START RECORDS SUPPLIED

lemma cbs_step_decreases:
  assumes fin: "finite (relevant_constrs I)"
    and step: "cbs_step I (Search OPEN) (Search OPEN')" and inv: "cbs_invariant I (Search OPEN)"
  shows "(image_mset (missing_constrs I) OPEN', image_mset (missing_constrs I) OPEN)
           \<in> mult1 less_than"
  using step
proof cases
  case (expand N coll c1 c2 N1 N2)
  with inv have N: "consistent_node I N" by auto
  note fresh = branch_constrs_fresh[OF N expand(4,5)]
  have sub: "fst N \<subseteq> relevant_constrs I" using N by (simp add: consistent_node_def)
  then have "finite (fst N)" using fin finite_subset by blast
  moreover have "fst N1 = insert c1 (fst N)" "fst N2 = insert c2 (fst N)"
    using expand(6,7) by (auto simp: child_node_def)
  moreover have "card (fst N) < card (relevant_constrs I)"
    using fresh sub fin by (intro psubset_card_mono) auto
  ultimately have less: "missing_constrs I N1 < missing_constrs I N"
    "missing_constrs I N2 < missing_constrs I N"
    using fresh by (auto simp: missing_constrs_def)
  obtain rest where rest: "OPEN = add_mset N rest" using expand(2) by (metis multi_member_split)
  show ?thesis
    unfolding mult1_def expand(1) rest using less
    by (intro CollectI case_prodI exI[of _ "missing_constrs I N"]
        exI[of _ "image_mset (missing_constrs I) rest"]
        exI[of _ "{#missing_constrs I N1, missing_constrs I N2#}"]) auto
qed

lemma cbs_no_infinite_run:
  assumes fin: "finite (relevant_constrs I)" and inv: "cbs_invariant I (f 0)"
    and run: "\<forall>n. cbs_step I (f n) (f (Suc n))"
  shows False
proof -
  have inv_n: "cbs_invariant I (f n)" for n
    by (induction n) (use inv run cbs_step_invariant in auto)
  define open_of where "open_of n = (case f n of Search OPEN \<Rightarrow> OPEN)" for n
  have open_of: "f n = Search (open_of n)" for n
    using run[rule_format, of n] by (cases "f n") (auto simp: open_of_def elim: cbs_step.cases)
  have "(image_mset (missing_constrs I) (open_of (Suc n)),
         image_mset (missing_constrs I) (open_of n)) \<in> mult1 less_than" for n
    using cbs_step_decreases[OF fin] run[rule_format, of n] inv_n[of n] by (simp only: open_of)
  then have "\<exists>g. \<forall>n. (g (Suc n), g n) \<in> mult1 less_than"
    by (intro exI[of _ "\<lambda>n. image_mset (missing_constrs I) (open_of n)"]) simp
  then show False
    using wf_mult1[OF wf_less_than] unfolding wf_iff_no_infinite_down_chain by blast
qed

theorem theorem2:
  fixes I :: "'v mapf_inst" and R :: "'v ct_node"
  assumes "valid_inst I" and "root_node I R"
  shows "\<not> (\<exists>f. f 0 = Search {#R#} \<and> (\<forall>n. cbs_step I (f n) (f (Suc n)))) \<and>
         (\<forall>S. (cbs_step I)\<^sup>*\<^sup>* (Search {#R#}) S \<and> \<not> (\<exists>S'. cbs_step I S S') \<longrightarrow>
           (\<exists>P. S = Return P \<and> is_solution I P \<and>
                (\<forall>Q. is_solution I Q \<longrightarrow> plan_cost I P \<le> plan_cost I Q)))"
proof -
  have fin: "finite (relevant_constrs I)"
    using assms(1) by (simp add: valid_inst_def finite_relevant_constrs)
  have root: "cbs_invariant I (Search {#R#})" using assms(2) by (rule root_invariant)
  show ?thesis
  proof (intro conjI allI impI notI)
    assume "\<exists>f. f 0 = Search {#R#} \<and> (\<forall>n. cbs_step I (f n) (f (Suc n)))"
    then obtain f where f0: "f 0 = Search {#R#}" and run: "\<forall>n. cbs_step I (f n) (f (Suc n))"
      by blast
    from root f0 have "cbs_invariant I (f 0)" by simp
    then show False using cbs_no_infinite_run[OF fin _ run] by blast
  next
    fix S assume "(cbs_step I)\<^sup>*\<^sup>* (Search {#R#}) S \<and> \<not> (\<exists>S'. cbs_step I S S')"
    then show "\<exists>P. S = Return P \<and> is_solution I P \<and>
                (\<forall>Q. is_solution I Q \<longrightarrow> plan_cost I P \<le> plan_cost I Q)"
      using cbs_final_state cbs_reachable_invariant[OF _ root] by (auto simp: optimal_solution_def)
  qed
qed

END RECORDS SUPPLIED

- WHAT IS NEEDED: Looking at the entries, count the lines where the word "rest" appears, and state the count by itself.

- RESPONSE TO THE TASK: 3